On the final, I asked them to compute the derivatives of x^2 e^{2x}, x/\cos(x), and e^x \sin(x) from the definition. Almost uniformly, the students could create correct computations of the derivative. The next question on the final was “prove the quotient rule”. Nearly everybody in the class, even the C-students, did this derivation properly. They were not told beforehand that anything like this would be on the test.

Another thing which they were fairly good at was using differentials, since the differential was not some mysterious formal symbol to them but an actual infinitessimal value. From this perspective, it is easy to see how to use differentials to get good approximations. This also made it as easy to work with implicit differentiation as with explicit differentiation, which it turn makes computations of related rates much cleaner than usual. From my perspective, it also makes the usual geometric ways of demonstrating the product rule or the fact that (\pi r^2)' = 2\pi r more rigorous: the area added really is just some lengths times the width of my chalk. By treating infinitesimals on the same footing as finite numbers, the approximation schemes of calculus become more intuitive. I think every mathematician has discovered this on their own, in their own private language. Why not make the language commensurable with the computations that we do?
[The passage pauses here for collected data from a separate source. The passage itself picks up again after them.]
lemma fmul_word_delta: "fmul (word_delta u) (word_delta v) = word_delta (u @ v)"
proof (rule ext)
  fix w
  have "fmul (word_delta u) (word_delta v) w =
      (\<Sum>k\<le>length w. if k = length u \<and> w = u @ v then 1 else 0)"
    unfolding fmul_def word_delta_def
  proof (rule sum.cong)
    fix k assume "k \<in> {..length w}"
    then have "(take k w = u \<and> drop k w = v) = (k = length u \<and> w = u @ v)"
      by (metis append_take_drop_id append_eq_conv_conj length_take min_absorb2 atMost_iff)
    then show "(if take k w = u then 1 else 0) * (if drop k w = v then 1 else 0) =
        (if k = length u \<and> w = u @ v then 1 else (0::complex))"
      by auto
  qed simp
  also have "\<dots> = word_delta (u @ v) w"
    by (auto simp: word_delta_def)
  finally show "fmul (word_delta u) (word_delta v) w = word_delta (u @ v) w" .
qed

lemma fmul_fone_left: "fmul fone g = g"
proof (rule ext)
  fix w
  have "fmul fone g w = (\<Sum>k\<le>length w. if k = 0 then g w else 0)"
    unfolding fmul_def fone_def by (rule sum.cong) auto
  then show "fmul fone g w = g w"
    by (simp add: sum.delta)
qed

lemma fmul_fone_right: "fmul g fone = g"
proof (rule ext)
  fix w
  have "fmul g fone w = (\<Sum>k\<le>length w. if k = length w then g w else 0)"
    unfolding fmul_def fone_def by (rule sum.cong) auto
  then show "fmul g fone w = g w"
    by (simp add: sum.delta)
qed

lemma ncpoly_zero [simp]: "0 \<in> ncpoly"
  by (simp add: ncpoly_def)

lemma ncpoly_add [simp]: "f \<in> ncpoly \<Longrightarrow> g \<in> ncpoly \<Longrightarrow> f + g \<in> ncpoly"
  unfolding ncpoly_def
  by (rule CollectI, rule finite_subset[of _ "{w. f w \<noteq> 0} \<union> {w. g w \<noteq> 0}"]) auto

lemma ncpoly_diff [simp]: "f \<in> ncpoly \<Longrightarrow> g \<in> ncpoly \<Longrightarrow> f - g \<in> ncpoly"
  unfolding ncpoly_def
  by (rule CollectI, rule finite_subset[of _ "{w. f w \<noteq> 0} \<union> {w. g w \<noteq> 0}"]) auto

lemma ncpoly_fscale [simp]: "f \<in> ncpoly \<Longrightarrow> fscale c f \<in> ncpoly"
  unfolding ncpoly_def
  by (rule CollectI, rule finite_subset[of _ "{w. f w \<noteq> 0}"]) (auto simp: fscale_apply)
I’ll write plenty more about the other topics of the course in the future, but this should give you some idea of what the class was like and why I felt that nilsquare infinitesimals were a productive way to teach calculus. We really didn’t use limits at all: they were all replaced with infinitesimals and approximation schemes. It is true that limits, infinitesimals and approximation schemes are all equivalent ideas, but I believe the latter two more closely model our internal, geometric understanding of calculus. So: what do you readers think?

28 Responses to “Non-nonstandard Calculus, I”

  1. John Armstrong Says:

    Actually, it reminds me of something Louis Kauffman has on his door. It’s all of integral and differential calculus on two pages, and the only difference is he uses a lowercase delta instead of dx.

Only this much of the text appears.